▶ _EXERCISE GOAL_
Among the entries, which lines carry the string "subseteq"? Copy every one.

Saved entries
----
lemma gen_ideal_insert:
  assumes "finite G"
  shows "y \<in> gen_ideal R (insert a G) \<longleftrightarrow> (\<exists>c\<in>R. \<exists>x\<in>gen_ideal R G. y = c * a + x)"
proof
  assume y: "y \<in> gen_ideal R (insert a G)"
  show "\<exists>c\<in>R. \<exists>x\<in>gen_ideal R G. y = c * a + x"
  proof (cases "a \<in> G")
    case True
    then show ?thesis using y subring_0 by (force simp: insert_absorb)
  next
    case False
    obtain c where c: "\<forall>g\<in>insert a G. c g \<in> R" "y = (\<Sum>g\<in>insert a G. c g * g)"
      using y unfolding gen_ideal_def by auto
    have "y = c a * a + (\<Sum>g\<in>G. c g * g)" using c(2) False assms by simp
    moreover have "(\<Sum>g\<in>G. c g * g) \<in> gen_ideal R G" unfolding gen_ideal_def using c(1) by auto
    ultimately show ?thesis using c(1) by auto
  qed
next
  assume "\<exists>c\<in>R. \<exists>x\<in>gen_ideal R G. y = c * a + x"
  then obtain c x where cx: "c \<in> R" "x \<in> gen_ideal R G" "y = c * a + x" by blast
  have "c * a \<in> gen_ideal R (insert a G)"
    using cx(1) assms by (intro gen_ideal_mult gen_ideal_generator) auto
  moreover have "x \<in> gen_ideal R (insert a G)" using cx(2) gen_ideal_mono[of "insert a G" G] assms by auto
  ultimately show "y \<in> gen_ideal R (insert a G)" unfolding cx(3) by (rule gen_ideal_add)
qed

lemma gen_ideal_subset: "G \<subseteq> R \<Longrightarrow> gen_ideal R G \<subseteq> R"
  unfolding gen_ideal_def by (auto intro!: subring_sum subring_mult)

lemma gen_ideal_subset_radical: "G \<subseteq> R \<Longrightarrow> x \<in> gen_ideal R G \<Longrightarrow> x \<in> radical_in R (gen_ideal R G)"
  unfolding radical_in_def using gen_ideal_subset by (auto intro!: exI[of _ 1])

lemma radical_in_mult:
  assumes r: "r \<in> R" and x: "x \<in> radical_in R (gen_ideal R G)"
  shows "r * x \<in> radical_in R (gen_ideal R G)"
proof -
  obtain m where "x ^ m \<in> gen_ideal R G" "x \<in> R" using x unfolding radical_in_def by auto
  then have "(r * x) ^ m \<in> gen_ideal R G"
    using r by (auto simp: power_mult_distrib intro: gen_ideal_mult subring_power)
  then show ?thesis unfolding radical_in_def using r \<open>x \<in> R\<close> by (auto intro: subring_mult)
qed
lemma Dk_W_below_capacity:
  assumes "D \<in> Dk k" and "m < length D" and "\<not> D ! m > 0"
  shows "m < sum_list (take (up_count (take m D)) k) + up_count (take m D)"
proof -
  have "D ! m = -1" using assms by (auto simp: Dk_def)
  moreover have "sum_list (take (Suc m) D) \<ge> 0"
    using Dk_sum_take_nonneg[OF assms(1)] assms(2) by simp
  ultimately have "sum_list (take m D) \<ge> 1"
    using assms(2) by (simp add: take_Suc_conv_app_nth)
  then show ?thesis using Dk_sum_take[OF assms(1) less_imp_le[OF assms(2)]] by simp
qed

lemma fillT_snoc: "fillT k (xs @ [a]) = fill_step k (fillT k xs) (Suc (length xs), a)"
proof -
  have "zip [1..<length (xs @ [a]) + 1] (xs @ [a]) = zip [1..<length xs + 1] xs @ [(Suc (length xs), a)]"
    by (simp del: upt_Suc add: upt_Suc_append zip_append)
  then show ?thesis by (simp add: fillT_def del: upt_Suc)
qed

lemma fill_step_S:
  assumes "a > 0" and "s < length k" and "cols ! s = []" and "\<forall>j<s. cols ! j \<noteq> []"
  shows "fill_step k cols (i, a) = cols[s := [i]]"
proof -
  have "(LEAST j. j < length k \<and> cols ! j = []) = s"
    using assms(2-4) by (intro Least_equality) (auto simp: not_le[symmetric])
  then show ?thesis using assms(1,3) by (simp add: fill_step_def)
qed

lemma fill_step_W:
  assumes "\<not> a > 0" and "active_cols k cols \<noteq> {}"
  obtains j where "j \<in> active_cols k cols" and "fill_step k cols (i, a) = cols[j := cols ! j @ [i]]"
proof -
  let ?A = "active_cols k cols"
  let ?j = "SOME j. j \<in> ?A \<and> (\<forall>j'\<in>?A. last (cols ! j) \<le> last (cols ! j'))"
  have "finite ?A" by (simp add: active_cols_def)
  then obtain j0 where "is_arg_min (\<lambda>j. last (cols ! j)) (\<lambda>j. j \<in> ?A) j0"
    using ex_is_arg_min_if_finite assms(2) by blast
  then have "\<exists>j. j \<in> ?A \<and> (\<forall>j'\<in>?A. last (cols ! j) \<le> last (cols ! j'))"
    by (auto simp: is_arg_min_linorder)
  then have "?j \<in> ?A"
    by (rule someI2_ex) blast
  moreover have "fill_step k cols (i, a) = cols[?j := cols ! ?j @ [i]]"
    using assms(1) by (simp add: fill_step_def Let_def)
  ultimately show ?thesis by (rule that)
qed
----
▶ _ANSWER SPACE_
lemma gen_ideal_subset: "G \<subseteq> R \<Longrightarrow> gen_ideal R G \<subseteq> R"
lemma gen_ideal_subset_radical: "G \<subseteq> R \<Longrightarrow> x \<in> gen_ideal R G \<Longrightarrow> x \<in> radical_in R (gen_ideal R G)"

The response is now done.